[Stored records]
------------------------------------------------
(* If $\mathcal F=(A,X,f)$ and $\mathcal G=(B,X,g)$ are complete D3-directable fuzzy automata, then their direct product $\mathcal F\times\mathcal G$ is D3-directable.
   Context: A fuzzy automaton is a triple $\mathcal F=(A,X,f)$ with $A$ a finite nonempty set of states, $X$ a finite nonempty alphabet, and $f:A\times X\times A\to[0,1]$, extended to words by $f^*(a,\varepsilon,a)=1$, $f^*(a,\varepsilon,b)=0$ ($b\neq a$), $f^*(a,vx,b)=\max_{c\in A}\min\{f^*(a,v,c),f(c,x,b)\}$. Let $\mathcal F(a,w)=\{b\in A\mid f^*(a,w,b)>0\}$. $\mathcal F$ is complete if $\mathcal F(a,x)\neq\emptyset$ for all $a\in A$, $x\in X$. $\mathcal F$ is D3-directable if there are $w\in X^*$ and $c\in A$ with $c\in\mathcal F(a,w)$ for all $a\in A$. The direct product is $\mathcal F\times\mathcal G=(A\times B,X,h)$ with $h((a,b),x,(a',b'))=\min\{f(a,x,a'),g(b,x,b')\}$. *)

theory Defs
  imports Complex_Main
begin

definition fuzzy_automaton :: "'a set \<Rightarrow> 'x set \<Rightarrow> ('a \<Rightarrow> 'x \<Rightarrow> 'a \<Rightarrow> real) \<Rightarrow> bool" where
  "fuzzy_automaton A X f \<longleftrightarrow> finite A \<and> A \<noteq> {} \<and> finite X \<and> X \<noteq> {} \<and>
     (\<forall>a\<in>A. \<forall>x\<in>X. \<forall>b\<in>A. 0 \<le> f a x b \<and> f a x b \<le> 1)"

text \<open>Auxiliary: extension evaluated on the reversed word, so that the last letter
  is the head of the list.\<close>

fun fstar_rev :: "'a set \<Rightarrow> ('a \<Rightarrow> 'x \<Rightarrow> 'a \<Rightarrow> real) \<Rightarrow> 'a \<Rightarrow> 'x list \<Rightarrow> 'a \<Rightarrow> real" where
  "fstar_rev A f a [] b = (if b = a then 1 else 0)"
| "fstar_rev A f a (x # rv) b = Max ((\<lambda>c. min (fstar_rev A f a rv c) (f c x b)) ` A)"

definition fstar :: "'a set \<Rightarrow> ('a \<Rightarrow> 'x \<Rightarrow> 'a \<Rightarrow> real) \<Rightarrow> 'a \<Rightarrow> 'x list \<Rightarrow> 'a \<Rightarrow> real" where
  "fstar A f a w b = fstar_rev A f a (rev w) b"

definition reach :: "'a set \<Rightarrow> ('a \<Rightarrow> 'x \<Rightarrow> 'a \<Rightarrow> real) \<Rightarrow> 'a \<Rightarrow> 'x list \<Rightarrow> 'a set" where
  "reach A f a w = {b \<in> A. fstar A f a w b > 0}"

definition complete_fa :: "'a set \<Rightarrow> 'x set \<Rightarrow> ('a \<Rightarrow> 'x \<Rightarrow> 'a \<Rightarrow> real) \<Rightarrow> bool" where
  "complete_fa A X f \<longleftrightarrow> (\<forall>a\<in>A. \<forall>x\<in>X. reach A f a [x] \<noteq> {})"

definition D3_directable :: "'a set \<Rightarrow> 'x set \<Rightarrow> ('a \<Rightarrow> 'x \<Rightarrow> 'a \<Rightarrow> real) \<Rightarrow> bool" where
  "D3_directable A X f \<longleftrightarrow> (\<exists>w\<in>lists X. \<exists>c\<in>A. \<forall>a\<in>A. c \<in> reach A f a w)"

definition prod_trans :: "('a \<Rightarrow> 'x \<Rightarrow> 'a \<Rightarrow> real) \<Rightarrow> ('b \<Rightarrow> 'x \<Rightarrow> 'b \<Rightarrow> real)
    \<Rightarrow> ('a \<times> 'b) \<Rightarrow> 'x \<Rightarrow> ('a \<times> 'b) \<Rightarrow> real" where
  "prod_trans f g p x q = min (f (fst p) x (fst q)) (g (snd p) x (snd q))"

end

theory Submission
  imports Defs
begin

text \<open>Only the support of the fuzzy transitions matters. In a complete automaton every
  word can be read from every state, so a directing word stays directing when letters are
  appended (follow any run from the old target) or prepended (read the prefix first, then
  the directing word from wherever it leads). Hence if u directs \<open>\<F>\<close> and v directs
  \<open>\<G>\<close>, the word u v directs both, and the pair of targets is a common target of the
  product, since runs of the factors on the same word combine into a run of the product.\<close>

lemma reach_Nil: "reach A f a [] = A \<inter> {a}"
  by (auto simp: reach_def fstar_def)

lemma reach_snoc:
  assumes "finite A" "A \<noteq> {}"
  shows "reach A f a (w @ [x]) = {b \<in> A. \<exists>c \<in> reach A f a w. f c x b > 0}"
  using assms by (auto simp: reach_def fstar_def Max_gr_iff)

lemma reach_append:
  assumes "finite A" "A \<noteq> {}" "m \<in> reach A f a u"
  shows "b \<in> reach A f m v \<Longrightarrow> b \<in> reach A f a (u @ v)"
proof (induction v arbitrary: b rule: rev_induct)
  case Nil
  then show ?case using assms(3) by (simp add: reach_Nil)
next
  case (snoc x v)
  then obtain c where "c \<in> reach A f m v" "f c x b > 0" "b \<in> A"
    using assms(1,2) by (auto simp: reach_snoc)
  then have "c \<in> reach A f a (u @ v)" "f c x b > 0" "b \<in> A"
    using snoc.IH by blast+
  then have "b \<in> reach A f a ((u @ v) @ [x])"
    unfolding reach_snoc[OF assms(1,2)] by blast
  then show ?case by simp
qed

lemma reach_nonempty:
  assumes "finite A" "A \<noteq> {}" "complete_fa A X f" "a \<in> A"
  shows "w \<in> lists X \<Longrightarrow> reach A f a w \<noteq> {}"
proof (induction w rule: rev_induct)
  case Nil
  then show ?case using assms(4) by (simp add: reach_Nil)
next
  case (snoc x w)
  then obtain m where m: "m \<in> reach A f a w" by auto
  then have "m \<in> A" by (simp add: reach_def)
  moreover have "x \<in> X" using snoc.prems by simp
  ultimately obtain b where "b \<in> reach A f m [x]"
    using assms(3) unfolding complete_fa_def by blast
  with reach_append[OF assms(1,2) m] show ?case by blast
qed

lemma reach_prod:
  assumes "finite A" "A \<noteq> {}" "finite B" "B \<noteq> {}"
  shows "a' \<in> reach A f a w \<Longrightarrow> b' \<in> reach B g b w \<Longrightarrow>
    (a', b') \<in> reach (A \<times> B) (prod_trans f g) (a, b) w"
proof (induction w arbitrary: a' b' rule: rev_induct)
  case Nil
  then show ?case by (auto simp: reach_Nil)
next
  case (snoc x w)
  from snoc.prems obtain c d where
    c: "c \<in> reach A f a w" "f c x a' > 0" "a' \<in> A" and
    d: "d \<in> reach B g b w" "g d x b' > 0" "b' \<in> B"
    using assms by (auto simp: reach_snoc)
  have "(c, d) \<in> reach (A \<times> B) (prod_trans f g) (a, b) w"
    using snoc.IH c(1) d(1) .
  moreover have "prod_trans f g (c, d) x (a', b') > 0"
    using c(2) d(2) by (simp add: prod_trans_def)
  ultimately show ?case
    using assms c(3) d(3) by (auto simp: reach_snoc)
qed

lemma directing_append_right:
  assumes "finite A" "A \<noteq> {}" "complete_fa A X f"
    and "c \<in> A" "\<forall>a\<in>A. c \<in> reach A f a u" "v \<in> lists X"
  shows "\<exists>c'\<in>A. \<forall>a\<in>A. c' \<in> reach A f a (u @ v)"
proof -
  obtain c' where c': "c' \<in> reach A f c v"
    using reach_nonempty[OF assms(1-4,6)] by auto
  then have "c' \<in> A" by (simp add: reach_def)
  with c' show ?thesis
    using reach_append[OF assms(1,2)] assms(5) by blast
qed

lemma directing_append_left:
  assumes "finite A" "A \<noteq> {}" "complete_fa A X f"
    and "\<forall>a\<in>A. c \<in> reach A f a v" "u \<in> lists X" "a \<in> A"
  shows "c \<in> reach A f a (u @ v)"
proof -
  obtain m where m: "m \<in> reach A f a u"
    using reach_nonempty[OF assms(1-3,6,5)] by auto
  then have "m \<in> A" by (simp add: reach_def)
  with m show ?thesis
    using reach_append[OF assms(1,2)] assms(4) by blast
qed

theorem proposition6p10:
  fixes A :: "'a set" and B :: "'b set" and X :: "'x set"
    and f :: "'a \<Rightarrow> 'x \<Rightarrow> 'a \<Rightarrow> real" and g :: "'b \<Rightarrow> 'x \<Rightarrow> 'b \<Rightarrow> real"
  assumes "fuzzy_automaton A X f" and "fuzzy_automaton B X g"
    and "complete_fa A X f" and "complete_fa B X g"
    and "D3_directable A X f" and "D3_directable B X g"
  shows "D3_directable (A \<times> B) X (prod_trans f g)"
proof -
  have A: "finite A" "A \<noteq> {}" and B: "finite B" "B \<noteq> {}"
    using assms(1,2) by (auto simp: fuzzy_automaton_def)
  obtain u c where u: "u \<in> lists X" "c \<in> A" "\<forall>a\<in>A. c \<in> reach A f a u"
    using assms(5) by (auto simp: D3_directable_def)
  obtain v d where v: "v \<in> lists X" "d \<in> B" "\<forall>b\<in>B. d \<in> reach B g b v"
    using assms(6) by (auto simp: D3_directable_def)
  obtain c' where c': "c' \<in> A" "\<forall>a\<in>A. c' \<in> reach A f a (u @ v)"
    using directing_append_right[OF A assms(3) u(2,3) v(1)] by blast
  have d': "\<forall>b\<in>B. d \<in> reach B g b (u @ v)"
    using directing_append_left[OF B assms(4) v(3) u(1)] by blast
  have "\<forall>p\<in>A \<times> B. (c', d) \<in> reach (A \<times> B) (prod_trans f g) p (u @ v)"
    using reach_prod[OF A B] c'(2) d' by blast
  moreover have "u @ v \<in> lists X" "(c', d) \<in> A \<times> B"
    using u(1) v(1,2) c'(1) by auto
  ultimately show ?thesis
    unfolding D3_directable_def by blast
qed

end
------------------------------------------------
What you give back should be exactly the lines of the data above from the line with "b w \<Longrightarrow>" through the line with "ultimately show ?case", both of those included, and nothing more.

_EXERCISE OUTPUT_
  shows "a' \<in> reach A f a w \<Longrightarrow> b' \<in> reach B g b w \<Longrightarrow>
    (a', b') \<in> reach (A \<times> B) (prod_trans f g) (a, b) w"
proof (induction w arbitrary: a' b' rule: rev_induct)
  case Nil
  then show ?case by (auto simp: reach_Nil)
next
  case (snoc x w)
  from snoc.prems obtain c d where
    c: "c \<in> reach A f a w" "f c x a' > 0" "a' \<in> A" and
    d: "d \<in> reach B g b w" "g d x b' > 0" "b' \<in> B"
    using assms by (auto simp: reach_snoc)
  have "(c, d) \<in> reach (A \<times> B) (prod_trans f g) (a, b) w"
    using snoc.IH c(1) d(1) .
  moreover have "prod_trans f g (c, d) x (a', b') > 0"
    using c(2) d(2) by (simp add: prod_trans_def)
  ultimately show ?case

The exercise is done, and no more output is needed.